▶ _Problem statement_:
Report the number of lines in the data below that hold "exists", without any other words.

▶ _Entries shown_:
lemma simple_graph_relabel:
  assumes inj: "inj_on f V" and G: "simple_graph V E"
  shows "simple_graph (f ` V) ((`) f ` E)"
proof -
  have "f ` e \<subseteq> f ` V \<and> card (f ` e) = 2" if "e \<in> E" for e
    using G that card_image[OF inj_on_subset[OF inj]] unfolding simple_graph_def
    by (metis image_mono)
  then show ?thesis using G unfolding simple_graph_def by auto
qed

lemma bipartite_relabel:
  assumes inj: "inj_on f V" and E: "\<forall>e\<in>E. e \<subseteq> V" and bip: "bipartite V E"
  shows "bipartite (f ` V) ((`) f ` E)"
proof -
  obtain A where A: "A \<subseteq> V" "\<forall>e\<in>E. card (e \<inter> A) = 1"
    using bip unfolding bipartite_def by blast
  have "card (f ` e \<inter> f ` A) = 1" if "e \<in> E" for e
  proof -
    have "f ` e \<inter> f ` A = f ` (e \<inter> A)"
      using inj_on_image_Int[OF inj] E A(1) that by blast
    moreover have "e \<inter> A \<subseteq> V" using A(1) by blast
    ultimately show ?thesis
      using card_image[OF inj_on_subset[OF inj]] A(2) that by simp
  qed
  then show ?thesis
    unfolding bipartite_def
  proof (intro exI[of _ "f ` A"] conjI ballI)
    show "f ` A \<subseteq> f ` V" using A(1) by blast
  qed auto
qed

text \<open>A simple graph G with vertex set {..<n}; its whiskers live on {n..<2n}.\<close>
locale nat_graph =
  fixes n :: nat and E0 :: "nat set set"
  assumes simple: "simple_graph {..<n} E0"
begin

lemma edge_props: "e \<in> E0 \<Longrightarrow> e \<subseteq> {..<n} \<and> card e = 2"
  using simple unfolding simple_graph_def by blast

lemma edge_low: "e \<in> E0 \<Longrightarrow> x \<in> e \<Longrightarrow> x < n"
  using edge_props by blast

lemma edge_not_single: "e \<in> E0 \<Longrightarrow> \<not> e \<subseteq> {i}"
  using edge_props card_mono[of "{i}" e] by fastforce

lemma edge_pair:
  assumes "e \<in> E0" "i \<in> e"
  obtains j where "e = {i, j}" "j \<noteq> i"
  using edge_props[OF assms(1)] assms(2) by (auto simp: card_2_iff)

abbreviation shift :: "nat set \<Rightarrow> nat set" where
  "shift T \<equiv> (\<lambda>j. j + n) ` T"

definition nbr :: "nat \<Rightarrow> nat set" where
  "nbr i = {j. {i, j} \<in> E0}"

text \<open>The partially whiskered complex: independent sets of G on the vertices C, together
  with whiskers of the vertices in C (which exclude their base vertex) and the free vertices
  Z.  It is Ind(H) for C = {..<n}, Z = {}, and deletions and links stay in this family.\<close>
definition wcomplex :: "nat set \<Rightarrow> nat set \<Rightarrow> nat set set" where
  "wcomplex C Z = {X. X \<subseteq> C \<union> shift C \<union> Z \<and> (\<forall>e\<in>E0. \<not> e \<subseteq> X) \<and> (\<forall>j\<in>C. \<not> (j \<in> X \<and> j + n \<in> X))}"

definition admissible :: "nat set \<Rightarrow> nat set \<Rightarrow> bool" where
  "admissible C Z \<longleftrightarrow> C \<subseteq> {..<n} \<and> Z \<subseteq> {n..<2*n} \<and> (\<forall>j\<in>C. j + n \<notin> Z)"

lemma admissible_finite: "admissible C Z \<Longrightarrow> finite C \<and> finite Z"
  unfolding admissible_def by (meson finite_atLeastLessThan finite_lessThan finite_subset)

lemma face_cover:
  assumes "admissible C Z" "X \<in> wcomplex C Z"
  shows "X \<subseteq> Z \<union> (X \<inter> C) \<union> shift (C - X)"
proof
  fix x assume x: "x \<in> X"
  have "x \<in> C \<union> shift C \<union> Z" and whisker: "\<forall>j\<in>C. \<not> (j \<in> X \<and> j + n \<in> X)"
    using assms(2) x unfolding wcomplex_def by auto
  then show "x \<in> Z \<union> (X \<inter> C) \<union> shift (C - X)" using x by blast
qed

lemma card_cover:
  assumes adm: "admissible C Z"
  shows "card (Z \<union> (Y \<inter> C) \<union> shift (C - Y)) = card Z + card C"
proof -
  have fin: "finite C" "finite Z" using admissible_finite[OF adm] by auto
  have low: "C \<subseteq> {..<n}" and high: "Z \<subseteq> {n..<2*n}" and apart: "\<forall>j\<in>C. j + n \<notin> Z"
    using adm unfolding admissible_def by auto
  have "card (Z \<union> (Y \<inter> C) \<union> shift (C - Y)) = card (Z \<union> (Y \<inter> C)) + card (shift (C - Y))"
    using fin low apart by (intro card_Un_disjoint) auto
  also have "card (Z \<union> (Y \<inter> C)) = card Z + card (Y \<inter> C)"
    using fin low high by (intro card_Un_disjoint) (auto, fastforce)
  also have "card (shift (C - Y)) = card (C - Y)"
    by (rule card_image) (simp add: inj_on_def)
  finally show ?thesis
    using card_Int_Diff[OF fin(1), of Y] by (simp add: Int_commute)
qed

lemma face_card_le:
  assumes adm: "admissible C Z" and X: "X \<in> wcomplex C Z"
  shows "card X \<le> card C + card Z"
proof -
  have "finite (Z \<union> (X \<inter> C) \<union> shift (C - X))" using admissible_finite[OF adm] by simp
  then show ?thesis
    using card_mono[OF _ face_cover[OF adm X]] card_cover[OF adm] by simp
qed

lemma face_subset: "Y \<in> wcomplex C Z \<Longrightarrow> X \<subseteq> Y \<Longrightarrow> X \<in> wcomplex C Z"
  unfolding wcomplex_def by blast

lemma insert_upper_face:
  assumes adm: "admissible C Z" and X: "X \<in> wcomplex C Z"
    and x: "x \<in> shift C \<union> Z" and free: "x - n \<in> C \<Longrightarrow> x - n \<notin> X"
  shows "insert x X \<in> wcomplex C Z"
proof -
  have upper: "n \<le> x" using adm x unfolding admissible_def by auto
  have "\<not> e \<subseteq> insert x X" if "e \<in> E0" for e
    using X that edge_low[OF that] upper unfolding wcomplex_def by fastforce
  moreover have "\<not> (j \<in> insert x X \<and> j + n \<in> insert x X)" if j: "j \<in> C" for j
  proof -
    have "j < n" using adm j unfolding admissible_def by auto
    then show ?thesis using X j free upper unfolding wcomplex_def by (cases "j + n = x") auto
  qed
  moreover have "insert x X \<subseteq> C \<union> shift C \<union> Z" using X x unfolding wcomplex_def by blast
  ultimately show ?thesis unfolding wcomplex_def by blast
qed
---
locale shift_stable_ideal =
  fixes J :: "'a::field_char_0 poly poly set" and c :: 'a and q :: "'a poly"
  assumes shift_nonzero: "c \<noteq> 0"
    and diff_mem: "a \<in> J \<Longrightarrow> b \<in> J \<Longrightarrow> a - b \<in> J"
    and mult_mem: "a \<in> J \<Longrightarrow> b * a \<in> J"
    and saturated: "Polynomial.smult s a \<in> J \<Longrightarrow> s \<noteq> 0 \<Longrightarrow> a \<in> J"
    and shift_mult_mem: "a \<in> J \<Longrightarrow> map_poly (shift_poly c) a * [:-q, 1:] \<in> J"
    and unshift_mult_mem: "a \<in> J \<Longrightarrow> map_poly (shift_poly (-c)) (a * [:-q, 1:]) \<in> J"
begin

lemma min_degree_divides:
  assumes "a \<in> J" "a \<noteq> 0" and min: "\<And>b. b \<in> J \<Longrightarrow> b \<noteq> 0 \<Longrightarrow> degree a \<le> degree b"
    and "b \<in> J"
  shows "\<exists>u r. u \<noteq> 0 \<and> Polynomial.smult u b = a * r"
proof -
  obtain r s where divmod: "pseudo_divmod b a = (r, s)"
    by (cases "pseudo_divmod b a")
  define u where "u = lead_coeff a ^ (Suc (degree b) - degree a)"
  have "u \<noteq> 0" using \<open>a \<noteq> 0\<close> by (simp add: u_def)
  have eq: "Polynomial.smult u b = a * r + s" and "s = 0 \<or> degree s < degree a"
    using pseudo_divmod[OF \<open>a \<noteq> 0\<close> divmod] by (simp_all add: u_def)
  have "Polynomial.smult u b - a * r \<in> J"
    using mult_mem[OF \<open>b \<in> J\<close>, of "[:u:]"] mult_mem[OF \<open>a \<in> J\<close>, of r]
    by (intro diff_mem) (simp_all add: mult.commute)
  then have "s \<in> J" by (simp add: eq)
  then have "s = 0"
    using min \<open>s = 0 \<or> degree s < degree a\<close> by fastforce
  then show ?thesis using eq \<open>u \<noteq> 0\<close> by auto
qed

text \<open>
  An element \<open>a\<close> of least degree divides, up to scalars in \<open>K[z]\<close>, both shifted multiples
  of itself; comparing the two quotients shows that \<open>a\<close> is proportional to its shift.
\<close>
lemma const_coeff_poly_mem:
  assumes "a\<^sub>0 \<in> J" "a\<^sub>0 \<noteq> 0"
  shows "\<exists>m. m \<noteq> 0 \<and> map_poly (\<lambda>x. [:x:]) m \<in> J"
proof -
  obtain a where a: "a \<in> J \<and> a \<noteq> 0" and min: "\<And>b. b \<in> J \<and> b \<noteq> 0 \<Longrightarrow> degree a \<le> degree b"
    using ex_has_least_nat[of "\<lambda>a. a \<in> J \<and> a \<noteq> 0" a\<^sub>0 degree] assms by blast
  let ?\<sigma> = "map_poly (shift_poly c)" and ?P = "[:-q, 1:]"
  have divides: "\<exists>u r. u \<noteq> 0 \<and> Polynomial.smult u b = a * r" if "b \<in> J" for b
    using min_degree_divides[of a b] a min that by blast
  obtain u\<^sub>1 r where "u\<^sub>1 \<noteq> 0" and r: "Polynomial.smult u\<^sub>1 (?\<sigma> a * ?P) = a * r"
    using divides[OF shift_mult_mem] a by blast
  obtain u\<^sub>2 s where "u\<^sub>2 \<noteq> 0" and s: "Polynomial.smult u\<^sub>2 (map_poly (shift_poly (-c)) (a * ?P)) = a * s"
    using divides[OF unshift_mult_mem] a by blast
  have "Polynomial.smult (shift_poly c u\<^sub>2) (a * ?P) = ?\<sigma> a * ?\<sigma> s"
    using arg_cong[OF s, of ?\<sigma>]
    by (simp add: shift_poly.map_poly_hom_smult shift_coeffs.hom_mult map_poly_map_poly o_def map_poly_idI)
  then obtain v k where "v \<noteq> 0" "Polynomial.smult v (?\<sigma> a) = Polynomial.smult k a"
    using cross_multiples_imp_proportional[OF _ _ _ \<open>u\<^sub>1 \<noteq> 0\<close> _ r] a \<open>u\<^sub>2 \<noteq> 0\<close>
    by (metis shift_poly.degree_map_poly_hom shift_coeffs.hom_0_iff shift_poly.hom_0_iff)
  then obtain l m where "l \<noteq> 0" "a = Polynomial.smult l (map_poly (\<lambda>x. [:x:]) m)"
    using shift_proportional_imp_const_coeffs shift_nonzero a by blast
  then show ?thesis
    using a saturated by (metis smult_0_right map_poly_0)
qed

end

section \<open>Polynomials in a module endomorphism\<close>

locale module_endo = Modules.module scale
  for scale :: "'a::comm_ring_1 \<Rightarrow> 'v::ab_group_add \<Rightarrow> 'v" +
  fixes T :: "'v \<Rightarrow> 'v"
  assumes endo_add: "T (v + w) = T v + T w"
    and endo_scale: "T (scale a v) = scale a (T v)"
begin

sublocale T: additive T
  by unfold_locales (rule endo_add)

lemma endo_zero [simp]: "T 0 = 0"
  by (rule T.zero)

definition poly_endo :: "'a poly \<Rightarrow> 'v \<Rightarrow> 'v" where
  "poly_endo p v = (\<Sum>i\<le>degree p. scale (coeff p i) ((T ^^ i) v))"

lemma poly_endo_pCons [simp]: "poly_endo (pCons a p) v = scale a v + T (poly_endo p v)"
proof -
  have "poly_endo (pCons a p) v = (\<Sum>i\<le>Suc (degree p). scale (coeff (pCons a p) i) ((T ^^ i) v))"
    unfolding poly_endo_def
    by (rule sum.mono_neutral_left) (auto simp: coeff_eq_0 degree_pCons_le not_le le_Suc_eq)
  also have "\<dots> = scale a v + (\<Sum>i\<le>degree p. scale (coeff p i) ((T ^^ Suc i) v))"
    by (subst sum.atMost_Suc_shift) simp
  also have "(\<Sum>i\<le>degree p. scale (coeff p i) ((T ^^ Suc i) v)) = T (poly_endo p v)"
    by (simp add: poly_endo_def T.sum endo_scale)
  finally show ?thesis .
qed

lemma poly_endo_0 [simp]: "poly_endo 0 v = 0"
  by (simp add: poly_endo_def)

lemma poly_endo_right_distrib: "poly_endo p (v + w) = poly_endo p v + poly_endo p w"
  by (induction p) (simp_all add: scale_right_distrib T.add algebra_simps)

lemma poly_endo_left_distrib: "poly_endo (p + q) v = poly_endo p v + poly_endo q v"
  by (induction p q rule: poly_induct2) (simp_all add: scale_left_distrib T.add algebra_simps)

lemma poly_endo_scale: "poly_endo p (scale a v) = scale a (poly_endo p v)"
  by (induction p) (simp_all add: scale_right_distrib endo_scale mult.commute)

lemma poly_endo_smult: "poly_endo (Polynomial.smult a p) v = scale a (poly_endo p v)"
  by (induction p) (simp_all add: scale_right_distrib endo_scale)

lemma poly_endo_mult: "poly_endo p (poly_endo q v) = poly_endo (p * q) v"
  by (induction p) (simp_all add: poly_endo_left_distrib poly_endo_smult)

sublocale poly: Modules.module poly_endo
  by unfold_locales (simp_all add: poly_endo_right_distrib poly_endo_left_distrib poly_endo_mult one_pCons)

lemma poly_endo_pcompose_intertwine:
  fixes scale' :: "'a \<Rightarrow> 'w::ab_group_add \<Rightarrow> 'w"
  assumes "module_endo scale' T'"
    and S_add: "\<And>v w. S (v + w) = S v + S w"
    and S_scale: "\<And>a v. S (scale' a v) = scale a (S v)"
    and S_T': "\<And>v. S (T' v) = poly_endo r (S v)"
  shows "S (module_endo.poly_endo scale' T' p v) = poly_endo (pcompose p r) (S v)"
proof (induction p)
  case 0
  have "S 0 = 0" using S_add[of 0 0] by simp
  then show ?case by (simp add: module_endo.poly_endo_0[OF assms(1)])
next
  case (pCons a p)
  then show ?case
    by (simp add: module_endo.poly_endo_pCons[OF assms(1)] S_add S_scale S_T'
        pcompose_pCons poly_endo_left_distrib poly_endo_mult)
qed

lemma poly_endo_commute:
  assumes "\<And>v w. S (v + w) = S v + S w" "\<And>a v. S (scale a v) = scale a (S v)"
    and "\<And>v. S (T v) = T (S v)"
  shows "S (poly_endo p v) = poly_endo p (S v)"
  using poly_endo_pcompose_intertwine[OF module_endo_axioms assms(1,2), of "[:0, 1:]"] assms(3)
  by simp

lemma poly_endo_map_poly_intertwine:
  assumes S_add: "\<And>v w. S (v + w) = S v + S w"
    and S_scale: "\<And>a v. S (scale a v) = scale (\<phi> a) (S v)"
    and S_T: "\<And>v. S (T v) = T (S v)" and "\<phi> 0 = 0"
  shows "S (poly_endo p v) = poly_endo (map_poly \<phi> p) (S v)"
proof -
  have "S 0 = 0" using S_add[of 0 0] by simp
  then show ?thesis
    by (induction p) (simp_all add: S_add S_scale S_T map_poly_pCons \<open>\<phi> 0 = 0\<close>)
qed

▶ _Task solution_:
3